Лазик только почесался. Он-то знал эти певучие языки! Они хотят устроить биржу по-библейски? Хорошо. У кого не бывает фантазий. Главное, где бы здесь перекусить?..
Печально бродил он мимо новых домов, садов, магазинов. На вывесках булочных настоящие еврейские буквы. Факт! Но булки остаются булками, и чтобы их купить, нужно выложить самые обыкновенные деньги…
Лазик присел на скамейку в сквере. От голода его начинало мутить.
— Земля как земля. Я, например, не чувствую, что она моя, потому что она, наверное, не моя, а или Ротшильда, или сразу Чемберлена, и я даже не чувствую, что она святая. Она царапается, как повсюду. Но кого я вижу?.. Абрамчик, как же вы сюда попали? Сколько лет, как вы из дорогого Гомеля? Уже три года? Пустячки! Ну как, вас тоже тошнило на этой мокрой качалке?..

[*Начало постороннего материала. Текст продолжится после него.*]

inductive peval :: "('v, 'l::lattice) tenv \<Rightarrow> ('v, 'l) texp \<Rightarrow> ('v, 'l) tval \<Rightarrow> bool" where
  "\<theta> x = Some v \<Longrightarrow> peval \<theta> (TVar x) v"
| "peval \<theta> (TLam x e) (VClos x e \<theta>)"
| "peval \<theta> e1 (VClos x e \<theta>') \<Longrightarrow> peval \<theta> e2 v2 \<Longrightarrow> peval (\<theta>'(x \<mapsto> v2)) e v \<Longrightarrow>
   peval \<theta> (TApp e1 e2) v"
| "peval \<theta> TUnit VUnit"
| "peval \<theta> (TLbl l) (VLbl l)"
| "peval \<theta> e1 v1 \<Longrightarrow> peval \<theta> e2 v2 \<Longrightarrow> peval \<theta> (TPair e1 e2) (VPair v1 v2)"
| "peval \<theta> e (VPair v1 v2) \<Longrightarrow> peval \<theta> (TFst e) v1"
| "peval \<theta> e (VPair v1 v2) \<Longrightarrow> peval \<theta> (TSnd e) v2"
| "peval \<theta> e v \<Longrightarrow> peval \<theta> (TInl e) (VInl v)"
| "peval \<theta> e v \<Longrightarrow> peval \<theta> (TInr e) (VInr v)"
| "peval \<theta> e (VInl v1) \<Longrightarrow> peval (\<theta>(x1 \<mapsto> v1)) e1 v \<Longrightarrow> peval \<theta> (TCase e x1 e1 x2 e2) v"
| "peval \<theta> e (VInr v2) \<Longrightarrow> peval (\<theta>(x2 \<mapsto> v2)) e2 v \<Longrightarrow> peval \<theta> (TCase e x1 e1 x2 e2) v"
| "peval \<theta> e1 (VLbl l1) \<Longrightarrow> peval \<theta> e2 (VLbl l2) \<Longrightarrow>
   peval \<theta> (TLeq e1 e2) (if l1 \<le> l2 then VInl VUnit else VInr VUnit)"
| "peval \<theta> (TThunk t) (VThunk t \<theta>)"
| "peval (drop_aux \<theta>) e v \<Longrightarrow> peval \<theta> (TWken e) v"

(* force theta Sigma mu pc e Sigma' mu' pc' v :  <Sigma,mu,pc,e> \<Down>^theta <Sigma',mu',pc',v> *)
inductive force :: "('v, 'l::lattice) tenv \<Rightarrow> ('v, 'l) tstore \<Rightarrow> ('v, 'l) theap \<Rightarrow> 'l \<Rightarrow> ('v, 'l) texp
          \<Rightarrow> ('v, 'l) tstore \<Rightarrow> ('v, 'l) theap \<Rightarrow> 'l \<Rightarrow> ('v, 'l) tval \<Rightarrow> bool"
  and teval :: "('v, 'l::lattice) tenv \<Rightarrow> ('v, 'l) tstore \<Rightarrow> ('v, 'l) theap \<Rightarrow> 'l \<Rightarrow> ('v, 'l) thunk
          \<Rightarrow> ('v, 'l) tstore \<Rightarrow> ('v, 'l) theap \<Rightarrow> 'l \<Rightarrow> ('v, 'l) tval \<Rightarrow> bool" where
  Force: "peval \<theta> e (VThunk t \<theta>') \<Longrightarrow> teval \<theta>' \<Sigma> \<mu> pc t \<Sigma>' \<mu>' pc' v \<Longrightarrow>
    force \<theta> \<Sigma> \<mu> pc e \<Sigma>' \<mu>' pc' v"
| TE_Return: "peval \<theta> e v \<Longrightarrow> teval \<theta> \<Sigma> \<mu> pc (Return e) \<Sigma> \<mu> pc v"
| TE_Bind: "force \<theta> \<Sigma> \<mu> pc e1 \<Sigma>1 \<mu>1 pc1 v1 \<Longrightarrow> force (\<theta>(x \<mapsto> v1)) \<Sigma>1 \<mu>1 pc1 e2 \<Sigma>2 \<mu>2 pc2 v \<Longrightarrow>
    teval \<theta> \<Sigma> \<mu> pc (Bind e1 x e2) \<Sigma>2 \<mu>2 pc2 v"
| TE_ToLabeled: "force \<theta> \<Sigma> \<mu> pc e \<Sigma>' \<mu>' pc' v \<Longrightarrow>
    teval \<theta> \<Sigma> \<mu> pc (ToLabeled e) \<Sigma>' \<mu>' pc (VLabeled pc' v)"
| TE_Unlabel: "peval \<theta> e (VLabeled l v) \<Longrightarrow> teval \<theta> \<Sigma> \<mu> pc (Unlabel e) \<Sigma> \<mu> (sup pc l) v"
| TE_LabelOf: "peval \<theta> e (VLabeled l v) \<Longrightarrow> teval \<theta> \<Sigma> \<mu> pc (TLabelOf e) \<Sigma> \<mu> (sup pc l) (VLbl l)"
| TE_GetLabel: "teval \<theta> \<Sigma> \<mu> pc TGetLabel \<Sigma> \<mu> pc (VLbl pc)"
| TE_Taint: "peval \<theta> e (VLbl l) \<Longrightarrow> teval \<theta> \<Sigma> \<mu> pc (TTaint e) \<Sigma> \<mu> (sup pc l) VUnit"
| TE_NewI: "peval \<theta> e (VLabeled l v) \<Longrightarrow> pc \<le> l \<Longrightarrow> n = length (\<Sigma> l) \<Longrightarrow>
    teval \<theta> \<Sigma> \<mu> pc (TNew RI e) (\<Sigma>(l := lupd (\<Sigma> l) n v)) \<mu> pc (VRefI n l)"
| TE_DerefI: "peval \<theta> e (VRefI n l) \<Longrightarrow> n < length (\<Sigma> l) \<Longrightarrow>
    teval \<theta> \<Sigma> \<mu> pc (TDeref RI e) \<Sigma> \<mu> (sup pc l) (\<Sigma> l ! n)"
| TE_AssignI: "peval \<theta> e1 (VRefI n l1) \<Longrightarrow> peval \<theta> e2 (VLabeled l2 v) \<Longrightarrow> l2 \<le> l1 \<Longrightarrow>
    pc \<le> l1 \<Longrightarrow> n \<le> length (\<Sigma> l1) \<Longrightarrow>
    teval \<theta> \<Sigma> \<mu> pc (TAssign RI e1 e2) (\<Sigma>(l1 := lupd (\<Sigma> l1) n v)) \<mu> pc VUnit"
| TE_LabelOfRefI: "peval \<theta> e (VRefI n l) \<Longrightarrow>
    teval \<theta> \<Sigma> \<mu> pc (TLabelOfRef RI e) \<Sigma> \<mu> (sup pc l) (VLbl l)"
| TE_NewS: "peval \<theta> e (VLabeled l v) \<Longrightarrow> pc \<le> l \<Longrightarrow> n = length \<mu> \<Longrightarrow>
    teval \<theta> \<Sigma> \<mu> pc (TNew RS e) \<Sigma> (lupd \<mu> n (l, v)) pc (VRefS n)"
| TE_DerefS: "peval \<theta> e (VRefS n) \<Longrightarrow> n < length \<mu> \<Longrightarrow> \<mu> ! n = (l, v) \<Longrightarrow>
    teval \<theta> \<Sigma> \<mu> pc (TDeref RS e) \<Sigma> \<mu> (sup pc l) v"
| TE_LabelOfRefS: "peval \<theta> e (VRefS n) \<Longrightarrow> n < length \<mu> \<Longrightarrow> \<mu> ! n = (l, v) \<Longrightarrow>
    teval \<theta> \<Sigma> \<mu> pc (TLabelOfRef RS e) \<Sigma> \<mu> (sup pc l) (VLbl l)"
| TE_AssignS: "peval \<theta> e1 (VRefS n) \<Longrightarrow> peval \<theta> e2 (VLabeled l' v) \<Longrightarrow> n < length \<mu> \<Longrightarrow>
    \<mu> ! n = (l, v0) \<Longrightarrow> pc \<le> l \<Longrightarrow>
    teval \<theta> \<Sigma> \<mu> pc (TAssign RS e1 e2) \<Sigma> (\<mu>[n := (sup pc l', v)]) pc VUnit"

section \<open>Translation\<close>

abbreviation (input) bnd :: "('v, 'l) texp \<Rightarrow> aux \<Rightarrow> ('v, 'l) texp \<Rightarrow> ('v, 'l) texp" where
  "bnd e1 x e2 \<equiv> TThunk (Bind e1 (Aux x) e2)"
abbreviation (input) sq :: "('v, 'l) texp \<Rightarrow> ('v, 'l) texp \<Rightarrow> ('v, 'l) texp" where
  "sq e1 e2 \<equiv> TThunk (Bind e1 (Aux Y) e2)"
abbreviation (input) tolab :: "('v, 'l) texp \<Rightarrow> ('v, 'l) texp" where
  "tolab e \<equiv> TThunk (ToLabeled e)"
abbreviation (input) ret :: "('v, 'l) texp \<Rightarrow> ('v, 'l) texp" where
  "ret e \<equiv> TThunk (Return e)"
abbreviation (input) unl :: "('v, 'l) texp \<Rightarrow> ('v, 'l) texp" where
  "unl e \<equiv> TThunk (Unlabel e)"
abbreviation (input) av :: "aux \<Rightarrow> ('v, 'l) texp" where
  "av x \<equiv> TVar (Aux x)"

fun tr :: "('v, 'l) sexp \<Rightarrow> ('v, 'l) texp" where
  "tr SUnit = tolab (ret TUnit)"
| "tr (SLbl l) = tolab (ret (TLbl l))"
| "tr (SLam x e) = tolab (ret (TLam (Src x) (tr e)))"
| "tr (SInl e) = tolab (bnd (TWken (tr e)) LV (ret (TInl (av LV))))"
| "tr (SInr e) = tolab (bnd (TWken (tr e)) LV (ret (TInr (av LV))))"
| "tr (SPair e1 e2) = tolab (bnd (TWken (tr e1)) LV1 (bnd (TWken (tr e2)) LV2
      (ret (TPair (av LV1) (av LV2)))))"
| "tr (SVar x) = tolab (unl (TVar (Src x)))"
| "tr (SApp e1 e2) = tolab (bnd (TWken (tr e1)) LV1 (bnd (TWken (tr e2)) LV2
      (bnd (unl (av LV1)) V1 (bnd (TApp (av V1) (av LV2)) LV (unl (av LV))))))"
| "tr (SCase e x1 e1 x2 e2) = tolab (bnd (TWken (tr e)) LV (bnd (unl (av LV)) VV
      (bnd (TCase (av VV) (Src x1) (TWken (tr e1)) (Src x2) (TWken (tr e2))) LV' (unl (av LV')))))"
| "tr (SFst e) = tolab (bnd (TWken (tr e)) LV (bnd (unl (av LV)) VV (unl (TFst (av VV)))))"
| "tr (SSnd e) = tolab (bnd (TWken (tr e)) LV (bnd (unl (av LV)) VV (unl (TSnd (av VV)))))"
| "tr (SLeq e1 e2) = tolab (bnd (TWken (tr e1)) LV1 (bnd (TWken (tr e2)) LV2
      (bnd (TWken (tolab (ret TUnit))) LU (bnd (unl (av LV1)) V1 (bnd (unl (av LV2)) V2
      (ret (TCase (TLeq (av V1) (av V2)) (Aux Y) (TInl (av LU)) (Aux Y) (TInr (av LU)))))))))"
| "tr (STaint e1 e2) = tolab (bnd (TWken (tr e1)) LV1 (bnd (unl (av LV1)) V1
      (sq (TThunk (TTaint (av V1))) (bnd (TWken (tr e2)) LV2 (unl (av LV2))))))"
| "tr (SLabelOf e) = tolab (bnd (TWken (tr e)) LV (TThunk (TLabelOf (av LV))))"
| "tr SGetLabel = tolab (TThunk TGetLabel)"
| "tr (SNew s e) = tolab (bnd (TWken (tr e)) LV (TThunk (TNew s (av LV))))"
| "tr (SDeref s e) = tolab (bnd (TWken (tr e)) LR (bnd (unl (av LR)) R (TThunk (TDeref s (av R)))))"
| "tr (SAssign s e1 e2) = sq (tolab (bnd (TWken (tr e1)) LR (bnd (TWken (tr e2)) LV
      (bnd (unl (av LR)) R (TThunk (TAssign s (av R) (av LV))))))) (TWken (tolab (ret TUnit)))"
| "tr (SLabelOfRef s e) = tolab (bnd (TWken (tr e)) LR (bnd (unl (av LR)) R
      (TThunk (TLabelOfRef s (av R)))))"

primrec tr_rval :: "('v, 'l) srval \<Rightarrow> ('v, 'l) tval"
  and tr_val :: "('v, 'l) sval \<Rightarrow> ('v, 'l) tval" where
  "tr_rval RUnit = VUnit"
| "tr_rval (RClos x e \<theta>) = VClos (Src x) (tr e)
     (\<lambda>y. case y of Src z \<Rightarrow> map_option tr_val (\<theta> z) | Aux _ \<Rightarrow> None)"
| "tr_rval (RInl v) = VInl (tr_val v)"
| "tr_rval (RInr v) = VInr (tr_val v)"
| "tr_rval (RPair v1 v2) = VPair (tr_val v1) (tr_val v2)"
| "tr_rval (RLbl l) = VLbl l"
| "tr_rval (RRefI n l) = VRefI n l"
| "tr_rval (RRefS n) = VRefS n"
| "tr_val (SV r l) = VLabeled l (tr_rval r)"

Абрамчик печально вздохнул:
— Я уже не помню, потому что с того времени я столько качался, что пароход мне кажется просто колыбелькой. Я пробовал копать землю, но со мной сделался маленький солнечный удар, так что я провалялся полгода в больнице. А потом меня избили ночью арабы, и я снова вернулся в больницу. А потом я продавал газеты на жаргоне, и меня избили не арабы — евреи. Но тогда меня даже не пустили в больницу. Хорошо. Я решил стать нищим в Иерусалиме. Это довольно выгодное дело. Вы же помните, что в Гомеле набожные еврейки кидали у себя в жестяную кружку то пять копеек, то десять, а потом приезжал один из Палестины и забирал все. Так, оказывается, эти кружки висят повсюду, и что же, получаются крупные нули, так что стоит кричать у Стены Плача, раз за это получаешь месячный оклад. Я так кричал, как будто меня резали. Но все сорвалось из-за одного окурка. Я себе забыл, что я не в Гомеле, а в Иерусалиме, я закурил хорошенький окурок, который я подобрал после англичанина. Что же вы думаете? Оказалось, это — суббота — гомельское счастье! — и меня так избили, что я едва уполз. Я кричал им: «Если суббота, то нельзя работать, а вы же работаете, когда вы меня бьете!» Но они даже не хотели слушать. Теперь я снова попал в этот замечательный Тель-Авив, и я, наверное, здесь умру. Старые цадики, когда они приезжали в Палестину умирать, вовсе не были такими идиотами. Это здесь самое подходящее занятие. Зачем я только поверил в их красивые разговоры и примчался сюда? Я был просто дураком, и когда вы мне говорили на курсах политграмоты: «Абрамчик, вы что-то не додумываете», — вы были совсем правы. Но вы, Ройтшванец, вы же почти марксист, как вы попали сюда?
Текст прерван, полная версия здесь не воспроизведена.